┌────────

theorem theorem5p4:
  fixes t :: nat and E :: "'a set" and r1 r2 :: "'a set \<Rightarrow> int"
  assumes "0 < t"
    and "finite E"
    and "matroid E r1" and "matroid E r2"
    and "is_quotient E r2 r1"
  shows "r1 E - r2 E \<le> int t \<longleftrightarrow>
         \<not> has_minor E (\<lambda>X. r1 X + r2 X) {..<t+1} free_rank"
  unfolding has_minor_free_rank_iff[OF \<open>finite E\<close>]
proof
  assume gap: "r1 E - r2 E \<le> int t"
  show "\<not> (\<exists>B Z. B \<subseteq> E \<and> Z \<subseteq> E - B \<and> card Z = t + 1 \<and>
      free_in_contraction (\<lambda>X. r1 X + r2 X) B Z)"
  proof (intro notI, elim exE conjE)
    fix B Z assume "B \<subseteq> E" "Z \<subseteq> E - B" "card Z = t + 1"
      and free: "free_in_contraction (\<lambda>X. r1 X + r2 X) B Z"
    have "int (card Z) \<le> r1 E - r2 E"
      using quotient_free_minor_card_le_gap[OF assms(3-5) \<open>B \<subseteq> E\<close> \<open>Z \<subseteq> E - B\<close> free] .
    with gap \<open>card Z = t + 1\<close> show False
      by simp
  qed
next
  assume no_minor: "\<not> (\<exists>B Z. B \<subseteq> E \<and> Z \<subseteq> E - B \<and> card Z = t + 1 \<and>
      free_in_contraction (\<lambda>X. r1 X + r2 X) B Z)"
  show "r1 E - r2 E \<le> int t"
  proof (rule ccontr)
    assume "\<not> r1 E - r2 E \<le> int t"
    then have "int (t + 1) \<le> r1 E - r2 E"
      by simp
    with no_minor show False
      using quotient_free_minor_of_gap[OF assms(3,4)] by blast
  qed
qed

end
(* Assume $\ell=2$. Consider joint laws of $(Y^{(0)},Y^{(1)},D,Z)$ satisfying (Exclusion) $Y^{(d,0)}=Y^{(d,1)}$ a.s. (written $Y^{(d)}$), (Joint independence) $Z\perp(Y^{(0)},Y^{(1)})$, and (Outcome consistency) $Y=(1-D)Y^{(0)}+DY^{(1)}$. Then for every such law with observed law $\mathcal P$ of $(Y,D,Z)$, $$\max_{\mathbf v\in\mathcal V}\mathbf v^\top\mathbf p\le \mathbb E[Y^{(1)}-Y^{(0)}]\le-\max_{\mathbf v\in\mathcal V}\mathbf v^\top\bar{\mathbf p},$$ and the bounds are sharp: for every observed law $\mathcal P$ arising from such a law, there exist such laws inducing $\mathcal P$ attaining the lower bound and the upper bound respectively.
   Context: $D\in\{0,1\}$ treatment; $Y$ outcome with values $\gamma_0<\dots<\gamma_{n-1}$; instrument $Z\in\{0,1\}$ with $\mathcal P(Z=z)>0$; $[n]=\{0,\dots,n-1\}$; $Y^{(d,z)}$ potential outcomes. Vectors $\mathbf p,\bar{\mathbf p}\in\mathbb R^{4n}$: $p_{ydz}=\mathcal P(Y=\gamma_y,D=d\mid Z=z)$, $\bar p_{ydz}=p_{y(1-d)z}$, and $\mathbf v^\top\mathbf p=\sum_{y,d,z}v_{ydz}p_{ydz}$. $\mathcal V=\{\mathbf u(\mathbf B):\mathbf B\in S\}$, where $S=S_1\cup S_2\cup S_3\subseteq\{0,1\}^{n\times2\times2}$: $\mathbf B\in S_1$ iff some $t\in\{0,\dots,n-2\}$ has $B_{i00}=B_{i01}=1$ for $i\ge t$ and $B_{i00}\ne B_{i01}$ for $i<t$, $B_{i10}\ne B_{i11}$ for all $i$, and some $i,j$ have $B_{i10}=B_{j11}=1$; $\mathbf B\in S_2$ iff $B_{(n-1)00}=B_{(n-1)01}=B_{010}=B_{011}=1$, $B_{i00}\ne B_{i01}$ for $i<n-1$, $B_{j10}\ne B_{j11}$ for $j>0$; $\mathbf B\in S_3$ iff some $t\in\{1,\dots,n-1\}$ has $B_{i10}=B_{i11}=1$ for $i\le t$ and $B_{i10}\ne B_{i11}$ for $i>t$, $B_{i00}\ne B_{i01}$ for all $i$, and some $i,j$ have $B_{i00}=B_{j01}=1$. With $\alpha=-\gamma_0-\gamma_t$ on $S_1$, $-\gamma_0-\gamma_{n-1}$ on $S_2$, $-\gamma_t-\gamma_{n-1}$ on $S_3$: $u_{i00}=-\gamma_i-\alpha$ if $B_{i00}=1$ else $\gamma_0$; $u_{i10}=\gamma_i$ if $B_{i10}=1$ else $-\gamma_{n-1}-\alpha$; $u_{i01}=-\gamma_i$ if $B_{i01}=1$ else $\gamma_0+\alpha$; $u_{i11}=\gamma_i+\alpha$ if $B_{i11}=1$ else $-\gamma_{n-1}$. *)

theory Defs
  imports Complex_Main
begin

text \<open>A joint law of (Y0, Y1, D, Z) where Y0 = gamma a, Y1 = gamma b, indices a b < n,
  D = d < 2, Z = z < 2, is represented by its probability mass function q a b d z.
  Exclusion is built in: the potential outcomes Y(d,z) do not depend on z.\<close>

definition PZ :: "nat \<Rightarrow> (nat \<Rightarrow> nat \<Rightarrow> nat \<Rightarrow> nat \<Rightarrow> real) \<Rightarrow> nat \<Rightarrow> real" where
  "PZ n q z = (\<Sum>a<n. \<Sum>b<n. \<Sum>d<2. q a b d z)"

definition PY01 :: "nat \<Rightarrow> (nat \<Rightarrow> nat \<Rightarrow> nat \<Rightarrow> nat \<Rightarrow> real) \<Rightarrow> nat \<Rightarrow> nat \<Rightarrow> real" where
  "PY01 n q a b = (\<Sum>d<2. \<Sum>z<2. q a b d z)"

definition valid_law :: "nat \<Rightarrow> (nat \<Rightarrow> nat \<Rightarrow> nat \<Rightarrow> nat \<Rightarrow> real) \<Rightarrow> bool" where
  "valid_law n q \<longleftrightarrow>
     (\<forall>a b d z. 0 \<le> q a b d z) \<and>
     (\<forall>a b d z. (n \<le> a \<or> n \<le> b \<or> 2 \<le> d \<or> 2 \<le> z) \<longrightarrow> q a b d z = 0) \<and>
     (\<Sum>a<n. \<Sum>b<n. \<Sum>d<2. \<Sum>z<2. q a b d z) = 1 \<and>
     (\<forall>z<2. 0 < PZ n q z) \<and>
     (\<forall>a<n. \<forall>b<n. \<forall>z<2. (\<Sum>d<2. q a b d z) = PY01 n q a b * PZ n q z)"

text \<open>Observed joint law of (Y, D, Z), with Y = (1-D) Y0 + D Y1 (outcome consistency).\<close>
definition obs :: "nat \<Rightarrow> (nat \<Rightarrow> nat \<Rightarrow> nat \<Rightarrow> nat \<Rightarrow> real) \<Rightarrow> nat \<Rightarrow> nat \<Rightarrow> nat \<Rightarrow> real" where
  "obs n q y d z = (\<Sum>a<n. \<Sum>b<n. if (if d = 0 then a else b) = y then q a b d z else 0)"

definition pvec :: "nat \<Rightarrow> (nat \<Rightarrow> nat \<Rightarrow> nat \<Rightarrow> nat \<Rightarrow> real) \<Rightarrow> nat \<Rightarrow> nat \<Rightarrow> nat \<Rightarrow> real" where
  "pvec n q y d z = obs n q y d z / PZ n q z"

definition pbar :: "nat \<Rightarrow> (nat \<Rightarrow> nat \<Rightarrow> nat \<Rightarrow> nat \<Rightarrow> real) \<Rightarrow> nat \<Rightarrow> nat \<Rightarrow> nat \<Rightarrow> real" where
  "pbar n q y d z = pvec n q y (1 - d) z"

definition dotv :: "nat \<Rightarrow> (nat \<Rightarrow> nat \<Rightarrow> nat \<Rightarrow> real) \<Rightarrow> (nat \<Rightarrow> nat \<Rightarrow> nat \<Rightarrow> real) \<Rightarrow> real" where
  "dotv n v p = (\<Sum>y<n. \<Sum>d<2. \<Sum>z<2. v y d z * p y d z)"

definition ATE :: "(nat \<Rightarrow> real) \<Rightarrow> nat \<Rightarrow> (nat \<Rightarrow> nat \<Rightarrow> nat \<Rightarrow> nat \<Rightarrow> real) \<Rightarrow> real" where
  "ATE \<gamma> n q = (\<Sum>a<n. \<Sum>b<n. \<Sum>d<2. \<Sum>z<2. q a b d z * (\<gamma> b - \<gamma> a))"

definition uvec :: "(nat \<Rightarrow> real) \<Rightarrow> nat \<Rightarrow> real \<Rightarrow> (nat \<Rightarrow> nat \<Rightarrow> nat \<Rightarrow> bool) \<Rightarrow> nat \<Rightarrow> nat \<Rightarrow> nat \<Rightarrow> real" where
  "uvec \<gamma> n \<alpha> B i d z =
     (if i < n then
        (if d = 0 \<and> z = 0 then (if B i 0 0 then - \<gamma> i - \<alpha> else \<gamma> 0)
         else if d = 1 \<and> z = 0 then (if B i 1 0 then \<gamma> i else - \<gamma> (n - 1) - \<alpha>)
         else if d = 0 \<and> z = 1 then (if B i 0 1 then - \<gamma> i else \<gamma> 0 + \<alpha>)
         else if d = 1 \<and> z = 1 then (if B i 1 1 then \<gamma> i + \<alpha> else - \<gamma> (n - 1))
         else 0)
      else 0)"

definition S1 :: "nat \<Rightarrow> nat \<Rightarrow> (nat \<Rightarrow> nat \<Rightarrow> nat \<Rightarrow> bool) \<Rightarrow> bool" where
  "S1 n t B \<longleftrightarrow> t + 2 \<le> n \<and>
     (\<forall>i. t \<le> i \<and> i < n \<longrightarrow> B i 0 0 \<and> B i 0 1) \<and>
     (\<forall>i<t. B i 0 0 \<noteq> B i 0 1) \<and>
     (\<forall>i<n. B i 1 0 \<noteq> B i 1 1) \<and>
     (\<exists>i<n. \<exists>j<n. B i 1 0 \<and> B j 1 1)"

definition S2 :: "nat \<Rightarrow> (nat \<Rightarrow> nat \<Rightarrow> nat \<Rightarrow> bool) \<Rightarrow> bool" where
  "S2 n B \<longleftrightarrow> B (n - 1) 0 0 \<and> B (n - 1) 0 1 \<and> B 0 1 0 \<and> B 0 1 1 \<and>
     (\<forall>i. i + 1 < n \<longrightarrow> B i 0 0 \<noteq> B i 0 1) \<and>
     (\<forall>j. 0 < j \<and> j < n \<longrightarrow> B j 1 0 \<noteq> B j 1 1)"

└────────

▶ WORK ORDER:
Scan the data above for the string "using" and copy each line where it appears.

▶ OUTPUT BELOW:
      using quotient_free_minor_card_le_gap[OF assms(3-5) \<open>B \<subseteq> E\<close> \<open>Z \<subseteq> E - B\<close> free] .
      using quotient_free_minor_of_gap[OF assms(3,4)] by blast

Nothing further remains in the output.